Assignment -
Below are some records; quote exactly the lines from the one that contains "lam = (\<Prod>i\<in>UNIV." through the one that contains "Differentiating at the", inclusive, and no others.

Source material -

(* For every $a>0$, $$\int_{a-i\mathbb R}\mathrm B(z,z)^2\,\mathrm dz=0,$$ where the (not absolutely convergent) integral over the vertical line $\operatorname{Re}z=a$ is understood in the distributional (improper) sense.
   Context: $\mathrm B(z,w)=\Gamma(z)\Gamma(w)/\Gamma(z+w)$ is Euler's beta function. On the line $z=a-ix$, $x\in\mathbb R$, one has $|\mathrm B(z,z)^2|=O(|x|^{-1})$, so the integral converges only conditionally. *)

theory Defs
  imports "HOL-Analysis.Analysis"
begin

end

(*
  Legendre's duplication formula gives B(z,z) = 2^(1-2z) sqrt pi Gamma(z) / Gamma(z + 1/2).
  Applying |w + 1/2|^4 <= (1 + 1/(Re w)^2) |w|^2 |w + 1|^2 to the factors of Euler's product
  for Gamma gives |Gamma(z) / Gamma(z + 1/2)|^4 <= C / |z|^2 uniformly on Re z >= a, hence
  |B(z,z)^2| <= M 16^(-Re z) / |z| there.

  For any such f, holomorphic on a half-plane with primitive F, the integral over the segment
  from a + iS down to a - iR is F(a - iR) - F(a + iS). Closing the segment into a rectangle whose
  right side lies on Re z = A := a + S + R, the two horizontal sides contribute O(1/S) and O(1/R)
  because the exponential decay makes their length irrelevant, and the right side contributes
  M e^(-cA) (S + R) / A = O(1/R). So the integral tends to 0 as S, R -> infinity independently.
*)
theory Submission
  imports Defs "HOL-Complex_Analysis.Complex_Analysis"
begin

lemma Re_pos_not_nonpos_Ints: "0 < Re z \<Longrightarrow> z \<notin> \<int>\<^sub>\<le>\<^sub>0"
  by (auto elim!: nonpos_Ints_cases simp: complex_eq_iff)

lemma norm_add_half_pow4_le:
  fixes w :: complex
  assumes "0 < Re w"
  shows "norm (w + 1/2) ^ 4 \<le> (1 + 1 / Re w ^ 2) * (norm w ^ 2 * norm (w + 1) ^ 2)"
proof -
  define x where "x = Re w"
  define r where "r = norm w ^ 2"
  have x: "0 < x" using assms by (simp add: x_def)
  have r: "x ^ 2 \<le> r" by (simp add: r_def x_def cmod_power2)
  have half: "norm (w + 1/2) ^ 2 = r + x + 1/4" and one: "norm (w + 1) ^ 2 = r + 2*x + 1"
    unfolding r_def x_def cmod_power2 by (simp_all add: power2_eq_square algebra_simps)
  have "(x + 1/4) ^ 2 \<le> norm (w + 1) ^ 2"
    using x r unfolding one by (simp add: power2_eq_square algebra_simps)
  also have "\<dots> \<le> r * norm (w + 1) ^ 2 / x ^ 2"
    using x r by (simp add: field_simps mult_right_mono)
  finally have "(x + 1/4) ^ 2 \<le> r * norm (w + 1) ^ 2 / x ^ 2" .
  moreover have "norm (w + 1/2) ^ 4 = r * norm (w + 1) ^ 2 + (x + 1/4) ^ 2 - r / 2"
  proof -
    have "norm (w + 1/2) ^ 4 = (norm (w + 1/2) ^ 2) ^ 2" by simp
    then show ?thesis unfolding half one by (simp add: power2_eq_square algebra_simps)
  qed
  moreover have "0 \<le> r" by (simp add: r_def)
  ultimately have "norm (w + 1/2) ^ 4 \<le> r * norm (w + 1) ^ 2 + r * norm (w + 1) ^ 2 / x ^ 2"
    by linarith
  also have "\<dots> = (1 + 1 / x ^ 2) * (r * norm (w + 1) ^ 2)"
    by (simp add: distrib_right)
  finally show ?thesis by (simp add: r_def x_def)
qed
(* Let $D$ be an open subset of an $n$-dimensional Riemannian manifold, $\{e_1,\dots,e_n\}$ a smooth orthonormal frame on $D$ with dual coframe $\{\theta_i\}$, and $\mathfrak a$ a smooth symmetric Codazzi $(0,2)$-tensor on $D$ with $\mathfrak a(e_i,e_j)=\lambda_i\delta_{ij}$, where $\lambda_1,\dots,\lambda_n$ are pointwise distinct on $D$. Let $X=\sum_{i=1}^n\nabla_{e_i}e_i$, $\Gamma_{ij}^k=\langle\nabla_{e_i}e_j,e_k\rangle$, $\sigma_k=\sigma_k(\lambda_1,\dots,\lambda_n)$ and $P(x)=\prod_{i=1}^n(x-\lambda_i)$. If $\sigma_k$ is constant on $D$ for every $k\neq n$, then (i) $\Gamma_{ii}^k=c_{ik}(\sigma_n)_k$ for all $i\neq k$; (ii) $\langle X,\nabla\sigma_n\rangle=\sum_{k=1}^n v_k(\sigma_n)_k^2$, where $c_{ik}=\dfrac{(-1)^{n+1}}{(\lambda_i-\lambda_k)P'(\lambda_i)}$ for $i\neq k$, $v_k=(-1)^{n+1}\dfrac{P''(\lambda_k)}{2P'(\lambda_k)^2}$, and $d\sigma_n=\sum_k(\sigma_n)_k\theta_k$ (so $\nabla\sigma_n=\sum_k(\sigma_n)_ke_k$).
   Context: $\mathfrak a$ is Codazzi if $(\nabla_X\mathfrak a)(Y,Z)=(\nabla_Y\mathfrak a)(X,Z)$ for all vector fields $X,Y,Z$. $\nabla$ is the Levi-Civita connection. *)

theory Defs
  imports "HOL-Analysis.Analysis" "HOL-Computational_Algebra.Polynomial"
begin

text \<open>Local model: the open set D of the Riemannian manifold is taken inside a
coordinate chart, i.e. D is an open subset of R^n (type real^'n, n = CARD('n)),
and the Riemannian metric is a smooth field of symmetric positive definite
matrices g.\<close>

fun dder :: "'a::real_normed_vector list \<Rightarrow> ('a \<Rightarrow> 'b::real_normed_vector) \<Rightarrow> 'a \<Rightarrow> 'b" where
  "dder [] f = f"
| "dder (v # vs) f = (\<lambda>p. frechet_derivative (dder vs f) (at p) v)"

definition smooth_on :: "'a::real_normed_vector set \<Rightarrow> ('a \<Rightarrow> 'b::real_normed_vector) \<Rightarrow> bool" where
  "smooth_on S f \<longleftrightarrow> (\<forall>vs. dder vs f differentiable_on S \<and> continuous_on S (dder vs f))"

definition riemannian_metric :: "(real^'n) set \<Rightarrow> (real^'n \<Rightarrow> real^'n^'n) \<Rightarrow> bool" where
  "riemannian_metric D g \<longleftrightarrow> smooth_on D g \<and>
     (\<forall>p\<in>D. transpose (g p) = g p \<and> (\<forall>v. v \<noteq> 0 \<longrightarrow> v \<bullet> (g p *v v) > 0))"

definition ginner :: "(real^'n \<Rightarrow> real^'n^'n) \<Rightarrow> real^'n \<Rightarrow> real^'n \<Rightarrow> real^'n \<Rightarrow> real" where
  "ginner g p u v = u \<bullet> (g p *v v)"

definition christoffel :: "(real^'n \<Rightarrow> real^'n^'n) \<Rightarrow> real^'n \<Rightarrow> real^'n \<Rightarrow> real^'n \<Rightarrow> real^'n" where
  "christoffel g p u v =
     (1/2) *\<^sub>R (matrix_inv (g p) *v
       (\<chi> l. v \<bullet> (frechet_derivative g (at p) u *v axis l 1)
            + u \<bullet> (frechet_derivative g (at p) v *v axis l 1)
            - u \<bullet> (frechet_derivative g (at p) (axis l 1) *v v)))"

definition cov :: "(real^'n \<Rightarrow> real^'n^'n) \<Rightarrow> (real^'n \<Rightarrow> real^'n) \<Rightarrow> (real^'n \<Rightarrow> real^'n) \<Rightarrow> real^'n \<Rightarrow> real^'n" where
  "cov g X Y p = frechet_derivative Y (at p) (X p) + christoffel g p (X p) (Y p)"

definition tens :: "(real^'n \<Rightarrow> real^'n^'n) \<Rightarrow> (real^'n \<Rightarrow> real^'n) \<Rightarrow> (real^'n \<Rightarrow> real^'n) \<Rightarrow> real^'n \<Rightarrow> real" where
  "tens a Y Z p = Y p \<bullet> (a p *v Z p)"

definition cov_tens :: "(real^'n \<Rightarrow> real^'n^'n) \<Rightarrow> (real^'n \<Rightarrow> real^'n^'n) \<Rightarrow> (real^'n \<Rightarrow> real^'n)
     \<Rightarrow> (real^'n \<Rightarrow> real^'n) \<Rightarrow> (real^'n \<Rightarrow> real^'n) \<Rightarrow> real^'n \<Rightarrow> real" where
  "cov_tens g a X Y Z p = frechet_derivative (tens a Y Z) (at p) (X p)
      - tens a (cov g X Y) Z p - tens a Y (cov g X Z) p"

definition codazzi :: "(real^'n) set \<Rightarrow> (real^'n \<Rightarrow> real^'n^'n) \<Rightarrow> (real^'n \<Rightarrow> real^'n^'n) \<Rightarrow> bool" where
  "codazzi D g a \<longleftrightarrow> (\<forall>X Y Z. smooth_on D X \<and> smooth_on D Y \<and> smooth_on D Z \<longrightarrow>
      (\<forall>p\<in>D. cov_tens g a X Y Z p = cov_tens g a Y X Z p))"

definition esym :: "nat \<Rightarrow> ('n::finite \<Rightarrow> real) \<Rightarrow> real" where
  "esym k lam = (\<Sum>S\<in>{S. card S = k}. \<Prod>i\<in>S. lam i)"

definition charpoly :: "('n::finite \<Rightarrow> real) \<Rightarrow> real poly" where
  "charpoly lam = (\<Prod>i\<in>UNIV. [:- lam i, 1:])"

end

theory Submission
  imports Defs
begin

text \<open>Since sigma_1, ..., sigma_{n-1} are constant, the characteristic polynomial
P_q(x) = prod_j (x - lambda_j(q)) depends on q only through its constant term (-1)^n sigma_n(q).
Differentiating at the root x = lambda_i kills all but one term of the product rule and gives
P'(lambda_i) d lambda_i = (-1)^(n+1) d sigma_n. The Codazzi equation for (e_k, e_i, e_i), combined with
metric compatibility of the Levi-Civita connection, gives e_k(lambda_i) = (lambda_i - lambda_k) Gamma_ii^k
for i ~= k; together these prove (i). Since Gamma_kk^k = 0, summing (i) over i reduces (ii) to the identity
sum_{i ~= k} 1 / ((lambda_i - lambda_k) P'(lambda_i)) = P''(lambda_k) / (2 P'(lambda_k)^2). Writing
P = (x - lambda_k) Q, the left side is -(1/Q)'(lambda_k) computed from the partial fraction expansion
of 1/Q, while P'(lambda_k) = Q(lambda_k) and P''(lambda_k) = 2 Q'(lambda_k).\<close>

section \<open>Elementary symmetric functions and the characteristic polynomial\<close>

lemma prod_diff_eq_esym_sum:
  fixes lam :: "'n::finite \<Rightarrow> real"
  shows "(\<Prod>j\<in>UNIV. x - lam j) = (\<Sum>k\<le>CARD('n). (-1)^k * esym k lam * x^(CARD('n) - k))"
proof -
  have "(\<Prod>j\<in>UNIV. x - lam j) = (\<Prod>j\<in>UNIV. - lam j + x)" by simp
  also have "\<dots> = (\<Sum>X\<in>Pow UNIV. (\<Prod>j\<in>X. - lam j) * (\<Prod>_\<in>UNIV - X. x))"
    by (rule prod_add) simp
  also have "\<dots> = (\<Sum>X\<in>Pow UNIV. (-1)^card X * prod lam X * x^(CARD('n) - card X))"
    by (intro sum.cong refl) (simp add: prod_uminus card_Diff_subset)
  also have "\<dots> = (\<Sum>k\<le>CARD('n). \<Sum>X\<in>{X \<in> Pow UNIV. card X = k}.
                      (-1)^card X * prod lam X * x^(CARD('n) - card X))"
    by (rule sum.group[symmetric]) (auto simp: card_mono)
  also have "\<dots> = (\<Sum>k\<le>CARD('n). (-1)^k * esym k lam * x^(CARD('n) - k))"
    by (intro sum.cong refl)
       (simp add: esym_def sum_distrib_left sum_distrib_right mult_ac)
  finally show ?thesis .
qed

lemma poly_pderiv_charpoly_eigenvalue:
  fixes lam :: "'n::finite \<Rightarrow> real"
  shows "poly (pderiv (charpoly lam)) (lam i) = (\<Prod>l\<in>UNIV-{i}. lam i - lam l)"
proof -
  have "(\<Sum>j\<in>UNIV-{i}. \<Prod>l\<in>UNIV-{j}. lam i - lam l) = 0"
    by (rule sum.neutral) (auto intro: prod_zero)
  then show ?thesis
    by (simp add: charpoly_def pderiv_prod poly_sum poly_prod pderiv_pCons sum.remove[of UNIV i])
qed

lemma pderiv_charpoly_eigenvalue_nonzero:
  fixes lam :: "'n::finite \<Rightarrow> real"
  assumes "inj lam"
  shows "poly (pderiv (charpoly lam)) (lam i) \<noteq> 0"
  using assms by (auto simp: poly_pderiv_charpoly_eigenvalue prod_zero_iff dest: injD)

lemma lagrange_basis_sum_eq_1:
  fixes r :: "'a \<Rightarrow> real"
  assumes fin: "finite R" and ne: "R \<noteq> {}" and inj: "inj_on r R"
  shows "(\<Sum>i\<in>R. (\<Prod>l\<in>R-{i}. x - r l) / (\<Prod>l\<in>R-{i}. r i - r l)) = 1"
proof -
  define H where "H = (\<Sum>i\<in>R. smult (1 / (\<Prod>l\<in>R-{i}. r i - r l)) (\<Prod>l\<in>R-{i}. [:- r l, 1:])) - 1"
  have poly_H: "poly H y = (\<Sum>i\<in>R. (\<Prod>l\<in>R-{i}. y - r l) / (\<Prod>l\<in>R-{i}. r i - r l)) - 1" for y
    by (simp add: H_def poly_sum poly_prod)
  have "degree (smult (1 / (\<Prod>l\<in>R-{i}. r i - r l)) (\<Prod>l\<in>R-{i}. [:- r l, 1:])) \<le> card R - 1"
    if "i \<in> R" for i
  proof -
    have "degree (\<Prod>l\<in>R-{i}. [:- r l, 1:]) \<le> (\<Sum>l\<in>R-{i}. degree [:- r l, 1::real:])"
      using degree_prod_sum_le[of "R-{i}" "\<lambda>l. [:- r l, 1:]"] fin by (simp add: o_def)
    also have "\<dots> = card R - 1" using that fin by simp
    finally show ?thesis using degree_smult_le order_trans by blast
  qed
  then have "degree (H + 1) \<le> card R - 1"
    unfolding H_def by (auto intro: degree_sum_le simp: fin)
  then have "degree H \<le> card R - 1"
    using degree_diff_le[of "H + 1" "card R - 1" 1] by simp
  then have deg_H: "degree H < card R"
    using fin ne card_gt_0_iff[of R] by linarith
  have root_H: "poly H (r j) = 0" if "j \<in> R" for j
  proof -
    have "(\<Prod>l\<in>R-{i}. r j - r l) = 0" if "i \<in> R - {j}" for i
      by (rule prod_zero) (use fin that \<open>j \<in> R\<close> in auto)
    then have "(\<Sum>i\<in>R-{j}. (\<Prod>l\<in>R-{i}. r j - r l) / (\<Prod>l\<in>R-{i}. r i - r l)) = 0"
      by simp
    moreover have "(\<Prod>l\<in>R-{j}. r j - r l) \<noteq> 0"
      using fin inj that by (auto simp: prod_zero_iff inj_on_def)
    ultimately show ?thesis
      using fin that by (simp add: poly_H sum.remove)
  qed
  have "H = 0"
  proof (rule ccontr)
    assume "H \<noteq> 0"
    have "card (r ` R) \<le> card {x. poly H x = 0}"
      by (rule card_mono) (use poly_roots_finite[OF \<open>H \<noteq> 0\<close>] root_H in auto)
    also have "\<dots> \<le> degree H" by (rule card_poly_roots_bound[OF \<open>H \<noteq> 0\<close>])
    finally show False using deg_H card_image[OF inj] by simp
  qed
  then show ?thesis using poly_H[of x] by simp
qed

Answer to the exercise -
  "charpoly lam = (\<Prod>i\<in>UNIV. [:- lam i, 1:])"

end

theory Submission
  imports Defs
begin

text \<open>Since sigma_1, ..., sigma_{n-1} are constant, the characteristic polynomial
P_q(x) = prod_j (x - lambda_j(q)) depends on q only through its constant term (-1)^n sigma_n(q).
Differentiating at the root x = lambda_i kills all but one term of the product rule and gives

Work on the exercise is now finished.